▸ Records for the exercise
lemma module_hom_on_subset: "module_hom_on L S f \<Longrightarrow> S' \<subseteq> S \<Longrightarrow> module_hom_on L S' f"
  unfolding module_hom_on_def by blast

lemma module_hom_on_comp:
  "module_hom_on L S f \<Longrightarrow> f ` S \<subseteq> S' \<Longrightarrow> module_hom_on L S' g \<Longrightarrow> module_hom_on L S (g \<circ> f)"
  unfolding module_hom_on_def by (simp add: image_subset_iff)

lemma submod_Int: "is_submod L S \<Longrightarrow> is_submod L T \<Longrightarrow> is_submod L (S \<inter> T)"
  unfolding is_submod_def by blast

lemma submod_image:
  assumes S: "is_submod L S" and f: "module_hom_on L S f"
  shows "is_submod L (f ` S)"
  unfolding is_submod_def
proof (intro conjI ballI allI)
  show "0 \<in> f ` S" using S module_hom_on_zero[OF S f] by (metis image_eqI is_submod_def)
  fix x y assume "x \<in> f ` S" "y \<in> f ` S"
  then obtain a b where "a \<in> S" "b \<in> S" "x = f a" "y = f b" by blast
  then show "x + y \<in> f ` S" using S f unfolding is_submod_def module_hom_on_def by (metis image_eqI)
next
  fix r x assume "x \<in> f ` S"
  then obtain a where "a \<in> S" "x = f a" by blast
  then show "L r x \<in> f ` S" using S f unfolding is_submod_def module_hom_on_def by (metis image_eqI)
qed

lemma submod_preimage_all:
  assumes S: "is_submod L S" and T: "\<And>i. is_submod L (T i)" and f: "\<And>i. module_hom_on L S (f i)"
  shows "is_submod L {x \<in> S. \<forall>i. P i \<longrightarrow> f i x \<in> T i}"
  using S T f module_hom_on_zero[OF S f] unfolding is_submod_def module_hom_on_def by simp

lemma submod_preimage:
  "is_submod L S \<Longrightarrow> is_submod L T \<Longrightarrow> module_hom_on L S f \<Longrightarrow> is_submod L {x \<in> S. f x \<in> T}"
  using submod_preimage_all[of L S "\<lambda>_::unit. T" "\<lambda>_. f" "\<lambda>_. True"] by simp

locale bigraded_cochain_complex =
  fixes sc :: "'r::ring_1 \<Rightarrow> 'm::ab_group_add \<Rightarrow> 'm"
    and A :: "int \<Rightarrow> int \<Rightarrow> 'm set"
    and d d21 d10 d01 :: "(int \<Rightarrow> int \<Rightarrow> 'm) \<Rightarrow> (int \<Rightarrow> int \<Rightarrow> 'm)"
  assumes complex: "bigraded_complex sc A d d21 d10 d01"
begin

lemma
  shows left_module: "left_module sc"
    and A_submod_all: "\<forall>p q. is_submod sc (A p q)"
    and lin_d: "lin_on sc A d" and lin_d21: "lin_on sc A d21" and lin_d01: "lin_on sc A d01"
    and d10_Cpq_all: "\<forall>p q. d10 ` Cpq A p q \<subseteq> Cpq A (p + 1) q"
    and d_split: "\<forall>x\<in>carrierC A. d x = d21 x + d10 x + d01 x"
    and d_Ck_all: "\<forall>k. d ` Ck A k \<subseteq> Ck A (k + 1)"
    and d_d_all: "\<forall>x\<in>carrierC A. d (d x) = 0"
  using complex unfolding bigraded_complex_def by - (elim conjE, assumption)+

lemma sc_zero_right: "sc r 0 = 0"
proof -
  have "sc r (0 + 0) = sc r 0 + sc r 0" using left_module unfolding left_module_def by blast
  then show ?thesis by simp
qed

lemma sc_minus_one: "sc (- 1) x = - x"
proof -
  have "sc (- 1 + 1) x = sc (- 1) x + sc 1 x" "sc 1 x = x" "sc (0 + 0) x = sc 0 x + sc 0 x"
    using left_module unfolding left_module_def by blast+
  then show ?thesis by (simp add: eq_neg_iff_add_eq_0)
qed

lemma lscale_minus_one: "lscale sc (- 1) x = - x"
  by (simp add: lscale_def sc_minus_one fun_eq_iff)

lemma submod_add_subgroup: "is_submod (lscale sc) S \<Longrightarrow> add_subgroup S"
  unfolding is_submod_def add_subgroup_def by (metis lscale_minus_one)

lemma submod_diff: "is_submod (lscale sc) S \<Longrightarrow> x \<in> S \<Longrightarrow> y \<in> S \<Longrightarrow> x - y \<in> S"
  by (metis add_subgroup_diff submod_add_subgroup)

lemma submod_zero: "is_submod (lscale sc) {0}"
  by (simp add: is_submod_def lscale_def sc_zero_right fun_eq_iff)

lemma module_hom_on_proj: "module_hom_on (lscale sc) S (proj q)"
  by (simp add: module_hom_on_def proj_def lscale_def fun_eq_iff sc_zero_right)

lemma module_hom_on_comp_component: "module_hom_on (lscale sc) S (\<lambda>x. comp x i j)"
  by (simp add: module_hom_on_def comp_def lscale_def fun_eq_iff sc_zero_right)

lemma A_submod: "is_submod sc (A p q)"
  using A_submod_all by blast

lemma carrierC_submod: "is_submod (lscale sc) (carrierC A)"
  unfolding is_submod_def
proof (intro conjI ballI allI)
  show "0 \<in> carrierC A" using A_submod by (simp add: carrierC_def is_submod_def)
next
  fix x y assume x: "x \<in> carrierC A" and y: "y \<in> carrierC A"
  then have "x p q + y p q \<in> A p q" for p q using A_submod unfolding carrierC_def is_submod_def by blast
  moreover have "finite {(p, q). (x + y) p q \<noteq> 0}"
  proof (rule finite_subset)
    show "finite ({(p, q). x p q \<noteq> 0} \<union> {(p, q). y p q \<noteq> 0})"
      using x y by (simp add: carrierC_def)
  qed auto
  ultimately show "x + y \<in> carrierC A" unfolding carrierC_def mem_Collect_eq plus_fun_apply by blast
next
  fix r x assume x: "x \<in> carrierC A"
  then have "sc r (x p q) \<in> A p q" for p q using A_submod unfolding carrierC_def is_submod_def by blast
  moreover have "finite {(p, q). lscale sc r x p q \<noteq> 0}"
  proof (rule finite_subset)
    show "finite {(p, q). x p q \<noteq> 0}" using x by (simp add: carrierC_def)
  qed (auto simp: lscale_def sc_zero_right)
  ultimately show "lscale sc r x \<in> carrierC A" unfolding carrierC_def mem_Collect_eq lscale_def by blast
qed

lemma module_hom_on_lin_on: "lin_on sc A f \<Longrightarrow> module_hom_on (lscale sc) (carrierC A) f"
  by (simp add: lin_on_def module_hom_on_def)

lemma module_hom_on_d: "module_hom_on (lscale sc) (carrierC A) d"
  by (rule module_hom_on_lin_on[OF lin_d])

lemma module_hom_on_d_subset: "S \<subseteq> carrierC A \<Longrightarrow> module_hom_on (lscale sc) S d"
  by (rule module_hom_on_subset[OF module_hom_on_d])

lemma d_diff: "x \<in> carrierC A \<Longrightarrow> y \<in> carrierC A \<Longrightarrow> d (x - y) = d x - d y"
  by (rule module_hom_on_diff[OF submod_add_subgroup[OF carrierC_submod] module_hom_on_d])

lemma d_Ck: "x \<in> Ck A k \<Longrightarrow> d x \<in> Ck A (k + 1)"
  using d_Ck_all by blast

lemma d_d: "x \<in> carrierC A \<Longrightarrow> d (d x) = 0"
  using d_d_all by blast

lemma Ck_subset_carrierC: "Ck A k \<subseteq> carrierC A"
  by (auto simp: Ck_def)

lemma Cpq_subset_carrierC: "Cpq A p q \<subseteq> carrierC A"
  by (auto simp: Cpq_def)

lemma Cpq_subset_Ck: "Cpq A p q \<subseteq> Ck A (p + q)"
  by (auto simp: Cpq_def Ck_def)

lemma Ck_submod: "is_submod (lscale sc) (Ck A k)"
  using carrierC_submod by (auto simp: is_submod_def Ck_def lscale_def sc_zero_right)

lemma Cpq_submod: "is_submod (lscale sc) (Cpq A p q)"
  using carrierC_submod by (auto simp: is_submod_def Cpq_def lscale_def sc_zero_right)

lemma proj_carrierC: "x \<in> carrierC A \<Longrightarrow> proj q x \<in> carrierC A"
proof -
  assume x: "x \<in> carrierC A"
  have "finite {(i, j). proj q x i j \<noteq> 0}"
    by (rule finite_subset[of _ "{(i, j). x i j \<noteq> 0}"]) (use x in \<open>auto simp: proj_def carrierC_def\<close>)
  moreover have "proj q x i j \<in> A i j" for i j
    using x A_submod by (simp add: carrierC_def is_submod_def proj_def)
  ultimately show ?thesis by (simp add: carrierC_def)
qed

lemma proj_Ck: "x \<in> Ck A k \<Longrightarrow> proj q x \<in> Ck A k"
  using proj_carrierC by (simp add: Ck_def proj_def)

lemma proj_Cpq: "x \<in> Cpq A p q \<Longrightarrow> proj q x = x"
  by (auto simp: Cpq_def proj_def fun_eq_iff)

lemma proj_Suc_Cpq: "x \<in> Cpq A p q \<Longrightarrow> proj (q + 1) x = 0"
  by (auto simp: Cpq_def proj_def fun_eq_iff)

lemma proj_proj: "a \<le> b \<Longrightarrow> proj b (proj a x) = proj b x"
  by (simp add: proj_def fun_eq_iff)

lemma proj_diff: "proj q (x - y) = proj q x - proj q (y :: int \<Rightarrow> int \<Rightarrow> 'm)"
  by (auto simp: proj_def fun_eq_iff)

lemma proj_zero: "proj q 0 = 0"
  by (simp add: proj_def fun_eq_iff)

lemma comp_zero: "comp 0 i j = 0"
  by (simp add: comp_def fun_eq_iff)

lemma proj_eq_comp:
  assumes "y \<in> Ck A m" and "proj (q + 1) y = 0"
  shows "proj q y = comp y (m - q) q"
proof -
  have "y i j = 0" if "q \<le> j" "(i, j) \<noteq> (m - q, q)" for i j
  proof (cases "j = q")
    case True
    then show ?thesis using assms(1) that by (auto simp: Ck_def)
  next
    case False
    then show ?thesis using fun_cong[OF fun_cong[OF assms(2)], of i j] that by (simp add: proj_def)
  qed
  then show ?thesis by (auto simp: fun_eq_iff proj_def comp_def)
qed

lemma Cpq_kernel_proj_Suc:
  assumes "S \<subseteq> Ck A (p + q)" and "\<And>y. y \<in> S \<Longrightarrow> proj q y = y"
  shows "{y \<in> S. proj (q + 1) y = 0} = S \<inter> Cpq A p q"
proof (intro set_eqI iffI)
  fix y assume "y \<in> {y \<in> S. proj (q + 1) y = 0}"
  then have y: "y \<in> Ck A (p + q)" "proj q y = y" "proj (q + 1) y = 0" using assms by auto
  have yc: "y = comp y p q" using proj_eq_comp[OF y(1,3)] y(2) by simp
  have "y i j = 0" if "(i, j) \<noteq> (p, q)" for i j
    using that by (subst yc) (auto simp: comp_def)
  then show "y \<in> S \<inter> Cpq A p q"
    using y(1) \<open>y \<in> {y \<in> S. proj (q + 1) y = 0}\<close> by (auto simp: Cpq_def Ck_def)
qed (auto simp: proj_Suc_Cpq)

lemma Npq_submod: "is_submod (lscale sc) (Npq A d21 d01 p q)"
proof -
  have hom: "module_hom_on (lscale sc) S f" if "lin_on sc A f" "S \<subseteq> Cpq A p q" for f S
    using module_hom_on_lin_on[OF that(1)] Cpq_subset_carrierC that(2)
    by (blast intro: module_hom_on_subset)
  have "Npq A d21 d01 p q = {x \<in> {x \<in> Cpq A p q. d01 x \<in> {0}}. d21 x \<in> {0}}"
    by (auto simp: Npq_def)
  also have "is_submod (lscale sc) \<dots>"
    by (intro submod_preimage Cpq_submod submod_zero hom[OF lin_d01] hom[OF lin_d21]) auto
  finally show ?thesis .
qed

lemma BN_submod: "is_submod (lscale sc) (BN A d d21 d01 k j)"
  unfolding BN_def
proof (rule submod_image[OF Npq_submod])
  show "module_hom_on (lscale sc) (Npq A d21 d01 (k - j) j) d"
    by (rule module_hom_on_d_subset) (auto simp: Npq_def Cpq_def)
qed

lemma Mk_submod: "is_submod (lscale sc) (Mk A d d21 d01 k)"
proof -
  have "Mk A d d21 d01 k = {\<eta> \<in> Ck A k. \<forall>ij. fst ij + snd ij = k + 1 \<longrightarrow>
      ((\<lambda>y. comp y (fst ij) (snd ij)) \<circ> d) \<eta> \<in> BN A d d21 d01 k (snd ij)}"
    by (auto simp: Mk_def)
  also have "is_submod (lscale sc) \<dots>"
  proof (rule submod_preimage_all[OF Ck_submod BN_submod])
    show "module_hom_on (lscale sc) (Ck A k) ((\<lambda>y. comp y (fst ij) (snd ij)) \<circ> d)" for ij
      by (rule module_hom_on_comp[of _ _ _ UNIV, OF module_hom_on_d_subset[OF Ck_subset_carrierC]
            subset_UNIV module_hom_on_comp_component])
  qed
  finally show ?thesis .
qed

lemma Bkq_submod: "is_submod (lscale sc) (Bkq A d k q)"
  unfolding Bkq_def
  by (intro submod_image Ck_submod module_hom_on_proj module_hom_on_d_subset Ck_subset_carrierC)

lemma Zkq_submod: "is_submod (lscale sc) (Zkq A d d21 d01 k q)"
proof -
  have "Zkq A d d21 d01 k q = proj q ` {\<eta> \<in> Mk A d d21 d01 k. (proj q \<circ> d) \<eta> \<in> {0}}"
    by (auto simp: Zkq_def)
  also have "is_submod (lscale sc) \<dots>"
  proof (intro submod_image submod_preimage Mk_submod submod_zero module_hom_on_proj)
    have "Mk A d d21 d01 k \<subseteq> carrierC A" using Ck_subset_carrierC by (auto simp: Mk_def)
    then have "module_hom_on (lscale sc) (Mk A d d21 d01 k) d" by (rule module_hom_on_d_subset)
    then show "module_hom_on (lscale sc) (Mk A d d21 d01 k) (proj q \<circ> d)"
      by (rule module_hom_on_comp[OF _ subset_UNIV module_hom_on_proj])
  qed
  finally show ?thesis .
qed

lemma Bkq_subset_Ck: "Bkq A d k q \<subseteq> Ck A k"
  unfolding Bkq_def using d_Ck proj_Ck by fastforce

lemma Zkq_subset_Ck: "Zkq A d d21 d01 k q \<subseteq> Ck A k"
  unfolding Zkq_def Mk_def using proj_Ck by fastforce

lemma proj_Bkq_eq: "y \<in> Bkq A d k q \<Longrightarrow> proj q y = y"
  unfolding Bkq_def using proj_proj by auto

lemma proj_Zkq_eq: "y \<in> Zkq A d d21 d01 k q \<Longrightarrow> proj q y = y"
  unfolding Zkq_def using proj_proj by auto

lemma Bkq_subset_Zkq: "Bkq A d k q \<subseteq> Zkq A d d21 d01 k q"
proof
  fix y assume "y \<in> Bkq A d k q"
  then obtain x where x: "x \<in> Ck A (k - 1)" "y = proj q (d x)" unfolding Bkq_def by auto
  have dd: "d (d x) = 0" using d_d x(1) Ck_subset_carrierC by blast
  have "0 \<in> BN A d d21 d01 k j" for j using BN_submod by (simp add: is_submod_def)
  then have "d x \<in> Mk A d d21 d01 k" using d_Ck[OF x(1)] unfolding Mk_def by (simp add: dd comp_zero)
  moreover have "proj q (d (d x)) = 0" by (simp add: dd proj_zero)
  ultimately show "y \<in> Zkq A d d21 d01 k q" unfolding Zkq_def x(2) by blast
qed

lemma image_proj_Bkq: "proj (q + 1) ` Bkq A d k q = Bkq A d k (q + 1)"
  unfolding Bkq_def image_image by (simp add: proj_proj)

lemma d_Npq: "n \<in> Npq A d21 d01 p q \<Longrightarrow> d n \<in> Cpq A (p + 1) q"
proof -
  assume n: "n \<in> Npq A d21 d01 p q"
  then have "n \<in> carrierC A" using Cpq_subset_carrierC by (auto simp: Npq_def)
  then have "d n = d21 n + d10 n + d01 n" using d_split by blast
  moreover have "d10 n \<in> Cpq A (p + 1) q" using d10_Cpq_all n unfolding Npq_def by blast
  ultimately show ?thesis using n unfolding Npq_def by simp
qed

lemma comp_Cpq: "x \<in> Cpq A p q \<Longrightarrow> comp x i j = (if (i, j) = (p, q) then x else 0)"
  by (auto simp: Cpq_def comp_def fun_eq_iff)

▸ Activity
The expected answer is an exact copy of the lines above, beginning at the line with "A \<Longrightarrow> module_hom_on" and ending at the line with "using d_d_all by blast", with both ends in.

▸ Reply to the exercise
lemma module_hom_on_d_subset: "S \<subseteq> carrierC A \<Longrightarrow> module_hom_on (lscale sc) S d"
  by (rule module_hom_on_subset[OF module_hom_on_d])

lemma d_diff: "x \<in> carrierC A \<Longrightarrow> y \<in> carrierC A \<Longrightarrow> d (x - y) = d x - d y"
  by (rule module_hom_on_diff[OF submod_add_subgroup[OF carrierC_submod] module_hom_on_d])

lemma d_Ck: "x \<in> Ck A k \<Longrightarrow> d x \<in> Ck A (k + 1)"
  using d_Ck_all by blast

lemma d_d: "x \<in> carrierC A \<Longrightarrow> d (d x) = 0"
  using d_d_all by blast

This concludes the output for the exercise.